The primary goal is to fetch a web page, parse its content, and extract relevant information, such as links, text, or other data.

Core Concepts

  • SpiderManager: The main entry point and public interface of the package. It is initialized with a specific adapter and orchestrates the fetching and parsing of web content.
  • Adapter: An adapter that conforms to the ISpiderAdapter interface. Each adapter is responsible for communicating with a specific backend service (e.g., a simple HTTP client, a headless browser) and transforming the response into a standardized Page format.
  • Page: A standardized data structure representing a web page. It contains detailed information like the URL, content, and extracted links.
  • Caching: The package will use @happyvertical/cache to cache responses, reducing redundant fetches and improving performance.

Data Models

Page

This is the standardized object returned from any fetch operation.

interface Page {
  // The final URL of the page after any redirects.
  url: string;

  // The full HTML content of the page.
  content: string;

  // An array of links extracted from the page.
  links: string[];

  // The original, raw response from the adapter.
  // Useful for debugging or accessing adapter-specific data.
  raw: any;
}

Adapter Interface

All adapters must implement this interface.

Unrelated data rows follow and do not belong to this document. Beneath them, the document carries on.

text \<open>main_exec tr Ks p n ivs ms cs: the main thread of p-hat, executing the (completed)
  subroutines of transformation tr for the invocations ivs (n = number of earlier writes
  of p), performs ms; the interpreted specified operations (with responses) are cs.\<close>
inductive main_exec :: "transformation \<Rightarrow> 'var set list \<Rightarrow> 'p \<Rightarrow> nat \<Rightarrow> ('var,'val) inv list
    \<Rightarrow> ('p,'var,'val) top list \<Rightarrow> ('var,'val) sop list \<Rightarrow> bool" where
  me_nil: "main_exec tr Ks p n [] [] []"
| me_rd_swfr: "main_exec SWFR Ks p n ivs ms cs \<Longrightarrow>
    main_exec SWFR Ks p n (RdInv x # ivs) (TReadMem x v # ms) (SRead x v # cs)"
| me_rd_fwsr: "wwc_trace w \<Longrightarrow> main_exec FWSR Ks p n ivs ms cs \<Longrightarrow>
    main_exec FWSR Ks p n (RdInv x # ivs) (w @ TReadMem x v # ms) (SRead x v # cs)"
| me_wr_swfr: "wwc_trace w \<Longrightarrow> main_exec SWFR Ks p (Suc n) ivs ms cs \<Longrightarrow>
    main_exec SWFR Ks p n (WrInv x v # ivs)
      ([TReadReq r, TWriteReq (Suc r), TBcast (Upd p n x v) (label Ks x)] @ w @ ms)
      (SWrite x v # cs)"
| me_wr_fwsr: "main_exec FWSR Ks p (Suc n) ivs ms cs \<Longrightarrow>
    main_exec FWSR Ks p n (WrInv x v # ivs)
      ([TReadReq r, TWriteReq (Suc r), TBcast (Upd p n x v) (label Ks x)] @ ms)
      (SWrite x v # cs)"

text \<open>One complete iteration of the delivery loop of p-hat (k = value read from
  writes-processed).\<close>
definition del_iter :: "'p \<Rightarrow> ('p,'var,'val) upd \<Rightarrow> nat option \<Rightarrow> nat \<Rightarrow> ('p,'var,'val) top list" where
  "del_iter p u l k = (case u of Upd s n x v \<Rightarrow>
      [TDeliver u l, TWriteMem x v] @ (if s = p then [TReadPrc k, TWritePrc (Suc k)] else []))"

text \<open>A finite execution of the delivery thread: a prefix of finitely many iterations
  (the last one possibly incomplete).\<close>
definition del_trace :: "'p \<Rightarrow> ('p,'var,'val) top list \<Rightarrow> bool" where
  "del_trace p ds \<longleftrightarrow>
     (\<exists>its ys. ds @ ys = concat (map (\<lambda>(u, l, k). del_iter p u l k) its))"

end

theory Submission
  imports Defs
begin

text \<open>Each process \<open>p\<close> gets a view built from the order in which POB lets \<open>p\<close> see its own
  target operations: a read of the local replica stands for the specified read it implements,
  an update of the replica for the write whose broadcast update it applies.  Since the replica
  is changed by nothing else, it evolves like the memory of this view, which is therefore valid.
  Writes to one class of \<open>K\<close> carry the same label, so all processes deliver, and hence apply,
  them in the same order.  Program order is respected: the updates of a process are delivered in
  broadcast order, and a read that follows a write of the same process comes after a completed
  WaitWritesComplete, whose exit test (writes-processed \<open>\<ge>\<close> writes-requested, both being
  counters of the writes concerned) forces the delivery thread to have applied that write.\<close>

section \<open>Total orders as duplicate-free lists\<close>

lemma before_in_set: "before xs a b \<Longrightarrow> a \<in> set xs \<and> b \<in> set xs"
  unfolding before_def by auto

lemma before_nth_iff:
  assumes "distinct xs" "i < length xs" "j < length xs"
  shows "before xs (xs!i) (xs!j) \<longleftrightarrow> i < j"
  using assms unfolding before_def by (auto simp: nth_eq_iff_index_eq)

lemma before_irrefl: "distinct xs \<Longrightarrow> \<not> before xs a a"
  unfolding before_def by (auto simp: nth_eq_iff_index_eq)

lemma before_asym: "distinct xs \<Longrightarrow> before xs a b \<Longrightarrow> \<not> before xs b a"
  unfolding before_def by (auto simp: nth_eq_iff_index_eq)

lemma before_trans: "distinct xs \<Longrightarrow> before xs a b \<Longrightarrow> before xs b c \<Longrightarrow> before xs a c"
  unfolding before_def by (metis less_trans nth_eq_iff_index_eq)

lemma before_iff_append: "before xs a b \<longleftrightarrow> (\<exists>ys zs. xs = ys @ zs \<and> a \<in> set ys \<and> b \<in> set zs)"
proof
  assume "before xs a b"
  then obtain i j where ij: "i < j" "j < length xs" "xs!i = a" "xs!j = b"
    unfolding before_def by auto
  have "a \<in> set (take (Suc i) xs)"
    using ij by (auto simp: in_set_conv_nth intro!: exI[of _ i])
  moreover have "b \<in> set (drop (Suc i) xs)"
    using ij by (auto simp: in_set_conv_nth intro!: exI[of _ "j - Suc i"])
  ultimately show "\<exists>ys zs. xs = ys @ zs \<and> a \<in> set ys \<and> b \<in> set zs"
    by (metis append_take_drop_id)
next
  assume "\<exists>ys zs. xs = ys @ zs \<and> a \<in> set ys \<and> b \<in> set zs"
  then obtain ys zs i j where "xs = ys @ zs" "i < length ys" "ys!i = a" "j < length zs" "zs!j = b"
    by (auto simp: in_set_conv_nth)
  then show "before xs a b"
    unfolding before_def by (intro exI[of _ i] exI[of _ "length ys + j"]) (auto simp: nth_append)
qed

lemma filter_eq_appendD:
  "filter P xs = ys @ zs \<Longrightarrow> \<exists>us vs. xs = us @ vs \<and> filter P us = ys \<and> filter P vs = zs"
proof (induction xs arbitrary: ys)
  case Nil
  then show ?case by auto
next
  case (Cons x xs)
  show ?case
  proof (cases "P x \<and> ys \<noteq> []")
    case True
    with Cons.prems obtain ys' where "ys = x # ys'" "filter P xs = ys' @ zs"
      by (cases ys) auto
    with Cons.IH True show ?thesis by (metis append_Cons filter.simps(2))
  next
    case False
    show ?thesis
    proof (cases "P x")
      case True
      with False Cons.prems show ?thesis by (intro exI[of _ "[]"] exI[of _ "x # xs"]) auto
    next
      case nP: False
      with Cons.prems Cons.IH[of ys] show ?thesis by (metis append_Cons filter.simps(2))
    qed
  qed
qed

lemma before_filter_iff: "before (filter P xs) a b \<longleftrightarrow> P a \<and> P b \<and> before xs a b"
proof
  assume "before (filter P xs) a b"
  then obtain ys zs where "filter P xs = ys @ zs" "a \<in> set ys" "b \<in> set zs"
    by (auto simp: before_iff_append)
  with filter_eq_appendD[OF this(1)] show "P a \<and> P b \<and> before xs a b"
    unfolding before_iff_append by auto blast
next
  assume "P a \<and> P b \<and> before xs a b"
  then obtain ys zs where "xs = ys @ zs" "a \<in> set ys" "b \<in> set zs" "P a" "P b"
    by (auto simp: before_iff_append)
  then show "before (filter P xs) a b"
    unfolding before_iff_append by (intro exI[of _ "filter P ys"] exI[of _ "filter P zs"]) auto
qed

lemma before_map_iff:
  assumes inj: "inj_on h (set xs)" and ab: "a \<in> set xs" "b \<in> set xs"
  shows "before (map h xs) (h a) (h b) \<longleftrightarrow> before xs a b"
proof
  assume "before (map h xs) (h a) (h b)"
  then obtain us vs where uv: "xs = us @ vs" "h a \<in> h ` set us" "h b \<in> h ` set vs"
    by (auto simp: before_iff_append map_eq_append_conv)
  with inj ab have "a \<in> set us" "b \<in> set vs"
    by (auto simp: inj_on_def)
  with uv show "before xs a b" unfolding before_iff_append by blast
next
  assume "before xs a b"
  then obtain ys zs where "xs = ys @ zs" "a \<in> set ys" "b \<in> set zs"
    unfolding before_iff_append by blast
  then show "before (map h xs) (h a) (h b)"
    unfolding before_iff_append by (intro exI[of _ "map h ys"] exI[of _ "map h zs"]) auto
qed

lemma before_append_left: "before xs a b \<Longrightarrow> before (xs @ ys) a b"
  unfolding before_iff_append by force

lemma before_snoc_last: "a \<in> set xs \<Longrightarrow> before (xs @ [e]) a e"
  unfolding before_iff_append by (intro exI[of _ xs] exI[of _ "[e]"]) auto

lemma card_indices_before:
  assumes d: "distinct xs" and k: "k < length xs"
  shows "card {q. q < k \<and> P (xs!q)} = card {x. before xs x (xs!k) \<and> P x}"
proof -
  have "before xs x (xs!k) \<longleftrightarrow> (\<exists>q<k. x = xs!q)" for x
    using d k unfolding before_def by (auto simp: nth_eq_iff_index_eq)
  then have "{x. before xs x (xs!k) \<and> P x} = (!) xs ` {q. q < k \<and> P (xs!q)}"
    by auto
  moreover have "inj_on ((!) xs) {q. q < k \<and> P (xs!q)}"
    using d k by (auto simp: inj_on_def nth_eq_iff_index_eq)
  ultimately show ?thesis by (simp add: card_image)
qed

section \<open>Counter variables\<close>

definition counter_after :: "('a \<Rightarrow> nat option) \<Rightarrow> 'a list \<Rightarrow> nat" where
  "counter_after wr xs = fold (\<lambda>op n. case wr op of Some k \<Rightarrow> k | None \<Rightarrow> n) xs 0"

lemma counter_after_snoc:
  "counter_after wr (xs @ [op]) = (case wr op of Some k \<Rightarrow> k | None \<Rightarrow> counter_after wr xs)"
  unfolding counter_after_def by simp

lemma counter_after_eq_card:
  assumes reads: "\<And>j r. j < length xs \<Longrightarrow> rd (xs!j) = Some r \<Longrightarrow> r = counter_after wr (take j xs)"
    and increments: "\<And>k v. k < length xs \<Longrightarrow> wr (xs!k) = Some v \<Longrightarrow>
        \<exists>j<k. \<exists>r. rd (xs!j) = Some r \<and> v = Suc r \<and> (\<forall>q. j \<le> q \<longrightarrow> q < k \<longrightarrow> wr (xs!q) = None)"
    and "k \<le> length xs"
  shows "counter_after wr (take k xs) = card {q. q < k \<and> wr (xs!q) \<noteq> None}"
  using \<open>k \<le> length xs\<close>
proof (induction k rule: less_induct)
  case (less k)
  show ?case
  proof (cases k)
    case 0
    then show ?thesis by (simp add: counter_after_def)
  next
    case (Suc k0)
    have k0: "k0 < length xs" using less.prems Suc by simp
    have take_k: "take k xs = take k0 xs @ [xs!k0]"
      using Suc k0 by (simp add: take_Suc_conv_app_nth)
    have writes_k: "{q. q < k \<and> wr (xs!q) \<noteq> None} =
        {q. q < k0 \<and> wr (xs!q) \<noteq> None} \<union> (if wr (xs!k0) \<noteq> None then {k0} else {})"
      using Suc by (auto simp: less_Suc_eq)
    show ?thesis
    proof (cases "wr (xs!k0)")
      case None
      then show ?thesis
        using less.IH[of k0] Suc k0 writes_k unfolding take_k by (simp add: counter_after_snoc)
    next
      case (Some v)
      then obtain j r where j: "j < k0" "rd (xs!j) = Some r" "v = Suc r"
          and no_write: "\<forall>q. j \<le> q \<longrightarrow> q < k0 \<longrightarrow> wr (xs!q) = None"
        using increments[OF k0] by blast
      have "r = card {q. q < j \<and> wr (xs!q) \<noteq> None}"
        using reads[of j r] less.IH[of j] j Suc k0 by simp
      also have "{q. q < j \<and> wr (xs!q) \<noteq> None} = {q. q < k0 \<and> wr (xs!q) \<noteq> None}"
        using j(1) no_write by (auto simp: not_less) (metis not_le option.distinct(1))
      finally show ?thesis
        using Some j(3) writes_k unfolding take_k by (simp add: counter_after_snoc card_insert_if)
    qed
  qed
qed

definition req_write :: "('p,'var,'val) top \<Rightarrow> nat option" where
  "req_write op = (case op of TWriteReq k \<Rightarrow> Some k | _ \<Rightarrow> None)"

definition req_read :: "('p,'var,'val) top \<Rightarrow> nat option" where
  "req_read op = (case op of TReadReq k \<Rightarrow> Some k | _ \<Rightarrow> None)"

definition prc_write :: "('p,'var,'val) top \<Rightarrow> nat option" where
  "prc_write op = (case op of TWritePrc k \<Rightarrow> Some k | _ \<Rightarrow> None)"

definition prc_read :: "('p,'var,'val) top \<Rightarrow> nat option" where
  "prc_read op = (case op of TReadPrc k \<Rightarrow> Some k | _ \<Rightarrow> None)"

lemma req_after_eq_counter_after: "req_after xs = counter_after req_write xs"
  unfolding req_after_def counter_after_def
  by (rule fold_cong) (auto simp: req_write_def split: top.split)

lemma prc_after_eq_counter_after: "prc_after xs = counter_after prc_write xs"
  unfolding prc_after_def counter_after_def
  by (rule fold_cong) (auto simp: prc_write_def split: top.split)

section \<open>Memory replicas\<close>

fun as_sops :: "('p,'var,'val) top \<Rightarrow> ('var,'val) sop list" where
  "as_sops (TReadMem x v) = [SRead x v]"
| "as_sops (TWriteMem x v) = [SWrite x v]"
| "as_sops _ = []"

lemma mem_after_as_sops: "mem_after init (concat (map as_sops xs)) = tmem_after init xs"
proof (induction xs rule: rev_induct)
  case Nil
  then show ?case by (simp add: mem_after_def tmem_after_def)
next
  case (snoc op xs)
  then show ?case by (cases op) (simp_all add: mem_after_def tmem_after_def)
qed

lemma valid_seq_snoc:
  "valid_seq init (ys @ [op]) \<longleftrightarrow> valid_seq init ys \<and> (\<forall>x v. op = SRead x v \<longrightarrow> v = mem_after init ys x)"
  unfolding valid_seq_def by (auto simp: nth_append less_Suc_eq)

lemma valid_seq_as_sops:
  "\<forall>k<length xs. \<forall>x v. xs!k = TReadMem x v \<longrightarrow> v = tmem_after init (take k xs) x \<Longrightarrow>
   valid_seq init (concat (map as_sops xs))"
proof (induction xs rule: rev_induct)
  case Nil
  then show ?case by (simp add: valid_seq_def)
next
  case (snoc op xs)
  then have "valid_seq init (concat (map as_sops xs))"
    by (auto simp: nth_append)
  moreover have "\<forall>x v. op = TReadMem x v \<longrightarrow> v = tmem_after init xs x"
    using snoc.prems[rule_format, of "length xs"] by simp
  ultimately show ?case
    by (cases op) (simp_all add: valid_seq_snoc mem_after_as_sops)
qed

lemma map_filter_concat: "map f (filter P xs) = concat (map (\<lambda>x. if P x then [f x] else []) xs)"
  by (induction xs) auto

interface ISpiderAdapter {
  /**
   * Fetches a web page and returns a standardized Page object.
   * @param url The URL of the page to fetch.
   * @param options Optional configuration for the fetch operation.
   * @returns A promise that resolves to a Page object.
   */
  fetch(url: string, options?: FetchOptions): Promise<Page>;
}

interface FetchOptions {
  // Custom headers to include in the request.
  headers?: Record<string, string>;

  // Request timeout in milliseconds.
  timeout?: number;

  // Whether to use the cache.
  cache?: boolean;

  // Cache expiry time in milliseconds.
  cacheExpiry?: number;
}

Public API

The primary way to interact with this package is through the getSpider factory function.

getSpider(options)

This function returns a standardized Spider Adapter that conforms to the ISpiderAdapter interface, based on the provided options.

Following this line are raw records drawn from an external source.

(* Let $P,Q,R$ be unary predicate symbols and $S$ a $0$-ary predicate symbol, and let $$\Gamma = \forall x\, \exists y\, (Py \wedge (Qy \rightarrow Rx)) \wedge \neg \forall x\, Rx, \qquad \Delta = \forall x\, (Px \rightarrow (Qx \vee S)) \rightarrow S.$$ Then the implication $\Gamma\rightarrow\Delta$ is valid in all G-models; that is, for every G-model $\mathcal M$ and every state $v$ of $\mathcal M$, if $v\Vdash\Gamma$ then $v\Vdash\Delta$.
   Context: $\neg A$ abbreviates $A\rightarrow\perp$. A G-model is $\mathcal{M}=\langle W,\le,v_0,D,\phi\rangle$: $W$ a nonempty set of states, $\le$ a reflexive transitive relation on $W$, $v_0\in W$ with $v_0\le v$ for all $v\in W$, $D$ a nonempty domain, and for each $k$-ary predicate symbol $P$ a set $\phi(P)\subseteq W\times D^k$ that is monotone: if $v\le w$ and $\langle v,a_1,\dots,a_k\rangle\in\phi(P)$ then $\langle w,a_1,\dots,a_k\rangle\in\phi(P)$. Forcing between states and sentences with constants $\mathbf a$ for elements $a\in D$: $v\Vdash P\mathbf a_1\dots\mathbf a_k$ iff $\langle v,a_1,\dots,a_k\rangle\in\phi(P)$; $\wedge,\vee$ are evaluated pointwise; $v\Vdash A\rightarrow B$ iff for all $w\ge v$, $w\Vdash A$ implies $w\Vdash B$; $\perp$ is never forced; $v\Vdash\exists x A$ iff $v\Vdash A[\mathbf a/x]$ for some $a\in D$; $v\Vdash\forall xA$ iff $v\Vdash A[\mathbf a/x]$ for all $a\in D$. *)

theory Defs
  imports Main
begin

datatype 'd trm = Var nat | Cst 'd

datatype 'd fm =
    Pr string "'d trm list"
  | Bot
  | And "'d fm" "'d fm"
  | Or "'d fm" "'d fm"
  | Imp "'d fm" "'d fm"
  | Ex nat "'d fm"
  | All nat "'d fm"

definition Neg :: "'d fm \<Rightarrow> 'd fm" where
  "Neg A = Imp A Bot"

definition G_model ::
  "'w set \<Rightarrow> ('w \<Rightarrow> 'w \<Rightarrow> bool) \<Rightarrow> 'w \<Rightarrow> 'd set \<Rightarrow> (string \<Rightarrow> ('w \<times> 'd list) set) \<Rightarrow> bool" where
  "G_model W le v0 D phi \<longleftrightarrow>
     W \<noteq> {} \<and>
     (\<forall>v\<in>W. le v v) \<and>
     (\<forall>u\<in>W. \<forall>v\<in>W. \<forall>w\<in>W. le u v \<longrightarrow> le v w \<longrightarrow> le u w) \<and>
     v0 \<in> W \<and> (\<forall>v\<in>W. le v0 v) \<and>
     D \<noteq> {} \<and>
     (\<forall>P. phi P \<subseteq> W \<times> lists D) \<and>
     (\<forall>P v w as. v \<in> W \<longrightarrow> w \<in> W \<longrightarrow> le v w \<longrightarrow> (v, as) \<in> phi P \<longrightarrow> (w, as) \<in> phi P)"

fun eval_trm :: "(nat \<Rightarrow> 'd) \<Rightarrow> 'd trm \<Rightarrow> 'd" where
  "eval_trm e (Var x) = e x"
| "eval_trm e (Cst a) = a"

text \<open>Forcing. Instead of substituting constants for bound variables we use an
  assignment e; for sentences this coincides with the substitution-based clauses.\<close>

fun forces ::
  "'w set \<Rightarrow> ('w \<Rightarrow> 'w \<Rightarrow> bool) \<Rightarrow> 'd set \<Rightarrow> (string \<Rightarrow> ('w \<times> 'd list) set)
   \<Rightarrow> 'w \<Rightarrow> (nat \<Rightarrow> 'd) \<Rightarrow> 'd fm \<Rightarrow> bool" where
  "forces W le D phi v e (Pr P ts) = ((v, map (eval_trm e) ts) \<in> phi P)"
| "forces W le D phi v e Bot = False"
| "forces W le D phi v e (And A B) = (forces W le D phi v e A \<and> forces W le D phi v e B)"
| "forces W le D phi v e (Or A B) = (forces W le D phi v e A \<or> forces W le D phi v e B)"
| "forces W le D phi v e (Imp A B) =
     (\<forall>w\<in>W. le v w \<longrightarrow> forces W le D phi w e A \<longrightarrow> forces W le D phi w e B)"
| "forces W le D phi v e (Ex x A) = (\<exists>a\<in>D. forces W le D phi v (e(x := a)) A)"
| "forces W le D phi v e (All x A) = (\<forall>a\<in>D. forces W le D phi v (e(x := a)) A)"

text \<open>The concrete formulas. Variables: x = 0, y = 1. P, Q, R unary, S 0-ary.\<close>

definition Gamma :: "'d fm" where
  "Gamma = And
     (All 0 (Ex 1 (And (Pr ''P'' [Var 1]) (Imp (Pr ''Q'' [Var 1]) (Pr ''R'' [Var 0])))))
     (Neg (All 0 (Pr ''R'' [Var 0])))"

definition Delta :: "'d fm" where
  "Delta = Imp (All 0 (Imp (Pr ''P'' [Var 0]) (Or (Pr ''Q'' [Var 0]) (Pr ''S'' []))))
               (Pr ''S'' [])"

end

theory Submission
  imports Defs
begin

text \<open>Suppose a state u above a state forcing \<open>\<Gamma>\<close> forces \<open>\<forall>x (Px \<rightarrow> Qx \<or> S)\<close> but not S.
  For any a, \<open>\<Gamma>\<close> provides b with Pb, which persists up to u; there Qb \<or> S holds, hence Qb,
  and so Ra. Thus u forces \<open>\<forall>x Rx\<close>, contradicting \<open>\<not>\<forall>x Rx\<close>. Hence S is forced at u.
  The argument uses only reflexivity and persistence, and the classical case split on S at u.\<close>

lemma G_model_refl: "G_model W le v0 D phi \<Longrightarrow> w \<in> W \<Longrightarrow> le w w"
  by (simp add: G_model_def)

lemma G_model_persistent:
  "G_model W le v0 D phi \<Longrightarrow> v \<in> W \<Longrightarrow> w \<in> W \<Longrightarrow> le v w \<Longrightarrow> (v, as) \<in> phi P
    \<Longrightarrow> (w, as) \<in> phi P"
  unfolding G_model_def by blast

lemma forces_Gamma_iff:
  "forces W le D phi w e Gamma \<longleftrightarrow>
     (\<forall>a\<in>D. \<exists>b\<in>D. (w, [b]) \<in> phi ''P'' \<and>
        (\<forall>w'\<in>W. le w w' \<longrightarrow> (w', [b]) \<in> phi ''Q'' \<longrightarrow> (w', [a]) \<in> phi ''R'')) \<and>
     (\<forall>w'\<in>W. le w w' \<longrightarrow> \<not> (\<forall>a\<in>D. (w', [a]) \<in> phi ''R''))"
  by (simp add: Gamma_def Neg_def)

lemma forces_Delta_iff:
  "forces W le D phi w e Delta \<longleftrightarrow>
     (\<forall>u\<in>W. le w u \<longrightarrow>
        (\<forall>a\<in>D. \<forall>u'\<in>W. le u u' \<longrightarrow> (u', [a]) \<in> phi ''P'' \<longrightarrow>
           (u', [a]) \<in> phi ''Q'' \<or> (u', []) \<in> phi ''S'') \<longrightarrow>
        (u, []) \<in> phi ''S'')"
  by (simp add: Delta_def)

lemma Gamma_forces_S:
  assumes model: "G_model W le v0 D phi"
    and w: "w \<in> W" and u: "u \<in> W" "le w u"
    and Gamma: "forces W le D phi w e Gamma"
    and hyp: "\<forall>a\<in>D. \<forall>u'\<in>W. le u u' \<longrightarrow> (u', [a]) \<in> phi ''P'' \<longrightarrow>
                (u', [a]) \<in> phi ''Q'' \<or> (u', []) \<in> phi ''S''"
  shows "(u, []) \<in> phi ''S''"
proof (rule ccontr)
  assume no_S: "(u, []) \<notin> phi ''S''"
  have "(u, [a]) \<in> phi ''R''" if a: "a \<in> D" for a
  proof -
    from Gamma a obtain b where b: "b \<in> D" "(w, [b]) \<in> phi ''P''"
      and Q_imp_R: "\<forall>w'\<in>W. le w w' \<longrightarrow> (w', [b]) \<in> phi ''Q'' \<longrightarrow> (w', [a]) \<in> phi ''R''"
      unfolding forces_Gamma_iff by blast
    have "(u, [b]) \<in> phi ''P''"
      using G_model_persistent[OF model w u b(2)] .
    with hyp b(1) u(1) G_model_refl[OF model u(1)] no_S have "(u, [b]) \<in> phi ''Q''"
      by blast
    with Q_imp_R u show ?thesis by blast
  qed
  with Gamma u show False
    unfolding forces_Gamma_iff by blast
qed

theorem lemma3p1:
  fixes W :: "'w set" and le :: "'w \<Rightarrow> 'w \<Rightarrow> bool" and v0 :: 'w
    and D :: "'d set" and phi :: "string \<Rightarrow> ('w \<times> 'd list) set"
  assumes "G_model W le v0 D phi"
    and "v \<in> W"
    and "\<forall>n. e n \<in> D"
  shows "forces W le D phi v e (Imp Gamma Delta)"
  unfolding forces.simps(5) forces_Delta_iff
  using Gamma_forces_S[OF assms(1)] by blast

end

// The interface of the returned adapter.
// Note: This is structurally identical to the ISpiderAdapter interface.
interface ISpiderAdapter {
  fetch(url: string, options?: FetchOptions): Promise<Page>;
}

// Configuration options for the factory function.
// This allows for selecting and configuring the desired adapter.
type SpiderAdapterOptions =
  | {
      adapter: 'simple';
      // No specific options for the simple adapter
    }
  | {
      adapter: 'dom';
      // No specific options for the dom adapter
    }
  | {
      adapter: 'crawlee';
      // Crawlee-specific options can be added here
    };

function getSpider(options: SpiderAdapterOptions): ISpiderAdapter;

Example Usage

This demonstrates how another package would use the getSpider factory.

import { getSpider } from '@happyvertical/spider';

// The adapter is created by calling the factory with the desired adapter.
const spider = getSpider({
  adapter: 'crawlee',
});

async function crawlAndLogLinks(url: string) {
  try {
    const page = await spider.fetch(url, { cache: true, cacheExpiry: 300000 });

    console.log(`Fetched page: ${page.url}`);
    console.log('Found links:', page.links);

  } catch (error) {
    console.error('Failed to fetch page:', error);
  }
}

crawlAndLogLinks('https://example.com');

Dependencies

  • @happyvertical/cache
  • @happyvertical/files
  • @happyvertical/utils
  • cheerio
  • happy-dom
  • crawlee
  • undici

Future Work

  • Robots.txt respect: Add functionality to automatically fetch and respect robots.txt files.
  • Additional Parsers: Extend the Page object to include more parsed data, such as text content, metadata, or structured data (e.g., JSON-LD).
  • Queueing System: Integrate a queueing system (e.g., BullMQ) to manage and throttle crawl jobs.